Large Language Models are Good Relational Learners
Fang Wu, Vijay Prakash Dwivedi, Jure Leskovec

TL;DR
This paper introduces Rel-LLM, a novel approach that combines graph neural networks with large language models to better understand and reason over complex relational data, outperforming existing methods.
Contribution
Rel-LLM is the first to integrate GNN-based structured prompts with LLMs for relational deep learning, preserving relational structures and improving reasoning capabilities.
Findings
Rel-LLM outperforms existing methods on key RDL tasks.
The GNN encoder effectively captures entity relationships and temporal dependencies.
Structured prompts enable LLMs to process complex relational data more efficiently.
Abstract
Large language models (LLMs) have demonstrated remarkable capabilities across various domains, yet their application to relational deep learning (RDL) remains underexplored.

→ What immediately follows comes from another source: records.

(* Let $r\ge2$ be an integer. Then $\mathcal C_r(0)=1$, $\mathcal C_r'(0)=0$, and for all $x\in D\setminus\{0\}$, $$\mathcal C_r''(x)=(1-x^{1-r})\frac{\mathcal C_r'(x)^2}{\mathcal C_r(x)}+(r-1)\frac{\mathcal C_r'(x)}{x}-\pi^2x^{r-1}\mathcal C_r(x).$$
   Context: For an integer $r\ge2$ let $P_r(y)=(1-y)\exp\left(y+\frac{y^2}{2}+\cdots+\frac{y^r}{r}\right)$. The multiple cosine function of Kurokawa–Koyama of order $r\ge2$ is $\mathcal C_r(x)=\prod_{n\ge1,\ n\text{ odd}}\left\{P_r\left(\frac{x}{n/2}\right)P_r\left(-\frac{x}{n/2}\right)^{(-1)^{r-1}}\right\}^{(n/2)^{r-1}}$, interpreted as $\mathcal C_r(x)=\exp\Big(\sum_{n\ge1,\,n\text{ odd}}(n/2)^{r-1}\big[\operatorname{Log}P_r(2x/n)+(-1)^{r-1}\operatorname{Log}P_r(-2x/n)\big]\Big)$, where $\operatorname{Log}P_r(y):=\operatorname{Log}(1-y)+y+\frac{y^2}{2}+\cdots+\frac{y^r}{r}$ with $\operatorname{Log}$ the principal branch, for $x\in D=\mathbb C\setminus\big((-\infty,-\tfrac12]\cup[\tfrac12,\infty)\big)$ (a holomorphic function on $D$). *)

theory Defs
  imports "HOL-Complex_Analysis.Complex_Analysis"
begin

definition LogP :: "nat \<Rightarrow> complex \<Rightarrow> complex" where
  "LogP r y = Ln (1 - y) + (\<Sum>k=1..r. y ^ k / of_nat k)"

text \<open>Multiple cosine of order r; the product over odd n is indexed by n = 2m+1.\<close>
definition mcos :: "nat \<Rightarrow> complex \<Rightarrow> complex" where
  "mcos r x = exp (\<Sum>m. (of_nat (2*m+1) / 2) ^ (r - 1) *
       (LogP r (2 * x / of_nat (2*m+1)) + (-1) ^ (r - 1) * LogP r (- 2 * x / of_nat (2*m+1))))"

definition mcosD :: "complex set" where
  "mcosD = - {z. Im z = 0 \<and> \<bar>Re z\<bar> \<ge> 1/2}"

end

theory Submission
  imports Defs
begin

text \<open>
  Write mcos r = exp L, where L is the series of logarithms of the factors. Since
  (Log P_r)'(y) = - y^r / (1 - y), the terms of L are O(|x|^(r+1) / n^2), so L converges
  locally uniformly on D and may be differentiated termwise. The derived series is -x^(r-1)
  times the partial fraction expansion pi tan (pi x) = \<Sum>m. 8x / ((2m+1)^2 - 4x^2), which
  follows from the reflection formula for the digamma function. Hence mcos' = G mcos with
  G x = - pi x^(r-1) tan (pi x), and mcos'' = (G^2 + G') mcos. The part - pi^2 x^(r-1) tan^2 (pi x)
  of G' that comes from tan' = 1 + tan^2 equals - x^(1-r) G^2, which gives the equation.
\<close>

section \<open>Partial fractions and derivative of the tangent\<close>

lemma Digamma_reflection:
  fixes z :: complex
  assumes "z \<notin> \<int>"
  shows "Digamma (1 - z) - Digamma z = of_real pi * cot (of_real pi * z)"
proof -
  have "1 - z \<notin> \<int>"
    using assms Ints_diff[OF Ints_1, of "1 - z"] by auto
  then have nonpos: "z \<notin> \<int>\<^sub>\<le>\<^sub>0" "1 - z \<notin> \<int>\<^sub>\<le>\<^sub>0"
    using assms by (auto intro: not_in_Ints_imp_not_in_nonpos_Ints)
  have "((\<lambda>z. rGamma (1 - z)) has_field_derivative (- rGamma (1 - z) * Digamma (1 - z)) * (- 1)) (at z)"
    by (rule DERIV_chain2[where g = "\<lambda>z. 1 - z", OF has_field_derivative_rGamma_no_nonpos_int[OF nonpos(2)]])
       (auto intro!: derivative_eq_intros)
  note D1 = DERIV_mult[OF has_field_derivative_rGamma_no_nonpos_int[OF nonpos(1)] this]
  have D2: "((\<lambda>z. rGamma z * rGamma (1 - z)) has_field_derivative
                   cos (of_real pi * z) * (of_real pi * 1) / of_real pi) (at z)"
    unfolding rGamma_reflection_complex
    by (rule DERIV_cdivide, rule DERIV_chain2[where f = sin, OF DERIV_sin])
       (auto intro!: derivative_eq_intros)
  have "rGamma z * rGamma (1 - z) * (Digamma (1 - z) - Digamma z) = cos (of_real pi * z)"
    using DERIV_unique[OF D1 D2] by (simp add: algebra_simps)
  then have "sin (of_real pi * z) / of_real pi * (Digamma (1 - z) - Digamma z)
               = cos (of_real pi * z)"
    by (simp add: rGamma_reflection_complex)
  moreover have "sin (of_real pi * z) \<noteq> 0"
  proof
    assume "sin (of_real pi * z) = 0"
    then obtain j :: int where "of_real pi * z = of_real (of_int j * pi)"
      by (auto simp: sin_eq_0)
    then have "z = of_int j" by (simp add: field_simps)
    with assms show False by auto
  qed
  ultimately show ?thesis by (simp add: cot_def field_simps)
qed
(* Let $\mathbf{L}$ be a Euclidean modal logic and let $\mathcal{F}^{\rho}_{A,B}$ be a galaxy in $\mathcal{L}_2$. If $\mathbf{N}^{+}\times\{2\}\subseteq\mathtt{S}_{\mathbf{L}}$, then $\mathbf{L}$ is valid in $\mathcal{F}^{\rho}_{A,B}$.
   Context: A frame is a pair $(W,R)$ with $W$ non-empty and $R\subseteq W\times W$. Modal formulas (propositional variables, $\bot,\neg,\vee,\Box$) have standard Kripke semantics; validity means truth at all points under all valuations. A (normal) modal logic contains all tautologies and K axioms and is closed under uniform substitution, modus ponens and necessitation; a Euclidean modal logic is one not containing $\bot$ and containing $\Diamond\psi\to\Box\Diamond\psi$ for all $\psi$. For sets $A,B$ with $A\cap B=\emptyset$, $A\cup B\ne\emptyset$ and $\rho:A\to\wp(B)$, the galaxy $\mathcal{F}^{\rho}_{A,B}$ has universe $A\cup B$ and relation $\bigcup_{s\in A}(\{s\}\times\rho(s))\cup(B\times B)$. $\mathcal{L}_2$ is the class of galaxies with $|A|\ge4$, $|B|\ge4$ and $|B\setminus\rho(s)|=2$ for all $s\in A$. $\mathbf{N}^{+}=\{1,2,\dots\}$, $\mathbf{N}^{-}=\{-1,0,1,\dots\}$. For $m\in\mathbf{N}^{+}$, $n\ge0$, the flower $\mathcal{F}_m^n$ has universe $\{0,\dots,m+n\}$ and relation $(\{0\}\times\{1,\dots,m\})\cup\{1,\dots,m+n\}^2$; $\mathcal{F}_m^{-1}$ has universe $\{1,\dots,m\}$ and relation $\{1,\dots,m\}^2$. $\mathtt{S}_{\mathbf{L}}=\{(m,n)\in\mathbf{N}^{+}\times\mathbf{N}^{-}:\ \mathbf{L}\text{ valid in }\mathcal{F}_m^n\}$. *)

theory Defs
  imports Main
begin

Existing approaches adapt LLMs by traversing relational links between entities in a database and converting the structured data into flat text documents. Still, this text-based serialization disregards critical relational structures, introduces redundancy, and often exceeds standard LLM context lengths. We introduce Rel-LLM, a novel architecture that utilizes a graph neural network (GNN)- based encoder to generate structured relational prompts for LLMs within a retrieval-augmented generation (RAG) framework. Unlike traditional text-based serialization approaches, our method preserves the inherent relational structure of databases while enabling LLMs to effectively process and reason over complex entity…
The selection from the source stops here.